The formula above assumes polar coordinates \((\mathsf{r},\theta)\) in the lane of the orbit with the earth centred on one of the ellipse’s foci. The ratio

\[\mathsf{e} = \mathsf{\frac{r_2-r_1}{r_1+r_2}} = \mathsf{\frac{r_2 - r_1}{2a}}\]

defines the eccentricity of the orbit; \(\mathsf{a}\) is the semi-major axis, and \(\mathsf{E}\) is the so-called eccentric anomaly.

Kepler worked out the following procedure for determining the location of the satellite at time \(\mathsf{t}\), as measured from the moment of closest approach:

  • Define the mean anomaly \(\mathsf{M} = \mathsf{2\pi t} / \mathsf{P}\).

  • Determine the eccentric anomaly \(\mathsf{E}\) by solving Kepler’s equation, \(\mathsf{M} = \mathsf{E} - \mathsf{e}\,\textsf{sin}\,\mathsf{E}\).

  • Compute the true anomaly \(\theta\) from the equation

    \[\textsf{tan}\,\mathsf{\frac{\theta}{2}} = \sqrt{\mathsf{\frac{1+e}{1-e}}}\,\textsf{tan}\,\mathsf{\frac{E}{2}}.\]

Kepler’s equation is transcendental and has no closed-form solution. It has to be inverted numerically. In the file orbit.cpp, solve Kepler’s equation by finding the root of the function \(\mathsf{f(E)} = \mathsf{E}-\mathsf{M} - \mathsf{e\,\textsf{sin}\,E}\) via Newton-Raphson iteration:

\[\mathsf{E_{n+1}} := \mathsf{E_n} - \mathsf{\frac{f(E_n)}{f'(E_n)}} = \mathsf{E_n} - \frac{\mathsf{E_n} - \mathsf{M} - \mathsf{e}\, \textsf{sin}\,\mathsf{E_n}}{\mathsf{1}-\mathsf{e}\,\textsf{cos}\, \mathsf{E_n}}.\]

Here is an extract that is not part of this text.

(* Let $n\ge1$. A temporal theory $\Gamma$ is $\mathrm{ITL}^{\mathrm{BD}_n}$-consistent if and only if $\Gamma$ is $\mathrm{LTL}$-consistent.
   Context: Fix a countable set $\mathbb{P}$ of atoms. Temporal formulas: $\varphi ::= p\mid\bot\mid\varphi\wedge\varphi\mid\varphi\vee\varphi\mid\varphi\to\varphi\mid\circ\varphi\mid\varphi\,\mathsf{U}\,\varphi\mid\varphi\,\mathsf{R}\,\varphi$. An intuitionistic temporal frame is $(W,\preccurlyeq,S)$ with $W\ne\emptyset$, $\preccurlyeq$ a partial order, $S:W\to W$ forward confluent ($w\preccurlyeq v\Rightarrow S(w)\preccurlyeq S(v)$); persistent if also backward confluent (if $S(w)=v\preccurlyeq u$ then some $t\succcurlyeq w$ has $S(t)=u$). A model adds $V:W\to2^{\mathbb{P}}$ monotone along $\preccurlyeq$. Satisfaction: atoms via $V$; $\bot$ never; $\wedge,\vee$ pointwise; $M,w\models\varphi\to\psi$ iff for all $v\succcurlyeq w$, $M,v\models\varphi$ implies $M,v\models\psi$; $\circ\varphi$ at $w$ iff $\varphi$ at $S(w)$; $\varphi\,\mathsf{U}\,\psi$: some $k\ge0$ with $\psi$ at $S^k(w)$ and $\varphi$ at $S^i(w)$ for all $0\le i<k$; $\varphi\,\mathsf{R}\,\psi$: for all $k\ge0$, $\psi$ at $S^k(w)$ or $\varphi$ at some $S^i(w)$, $0\le i<k$. Depth $\le n$: no chain of $n+1$ pairwise distinct $\preccurlyeq$-related worlds. $\mathrm{ITL}^{\mathrm{BD}_n}$-models are models on persistent frames of depth $\le n$; $\mathrm{LTL}$-models are $\mathrm{ITL}^{\mathrm{BD}_1}$-models (i.e. $\preccurlyeq$ is the identity). $\Gamma$ is $\mathsf{L}$-consistent if there exist an $\mathsf{L}$-model $M$ and a world $w$ with $M,w\models\gamma$ for all $\gamma\in\Gamma$. *)

theory Defs
  imports Main "HOL-Library.Countable"
begin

Use the initial guess \(\mathsf{E_0} = \mathsf{0}\) at time \(\mathsf{t} = \mathsf{0}\), and for each subsequent time step use the previous step’s converged \(\mathsf{E}\) value as the initial guess. Make sure that a minimum number of iterations are always performed. The view1.gp script should give you the following plots.

_images/orbit1.png
_images/orbit2.png
_images/orbit3.png

More eccentric still

Write a new program orbit_vel.cpp that functions identically to orbit.cpp except that it outputs five columns of data: time \(\mathsf{t}\), radius \(\mathsf{r}\), angle \(\theta\), radial velocity \(\dot{\mathsf{r}}\), and angular velocity \(\dot{\theta}\). The time derivatives \(\dot{\mathsf{r}}\) and \(\dot{\theta}\) should be approximated as symmetric finite difference. Some care must be taken in computing \(\dot{\theta}\) since \(\theta\) is compact on \([\mathsf{0,2\pi}]\).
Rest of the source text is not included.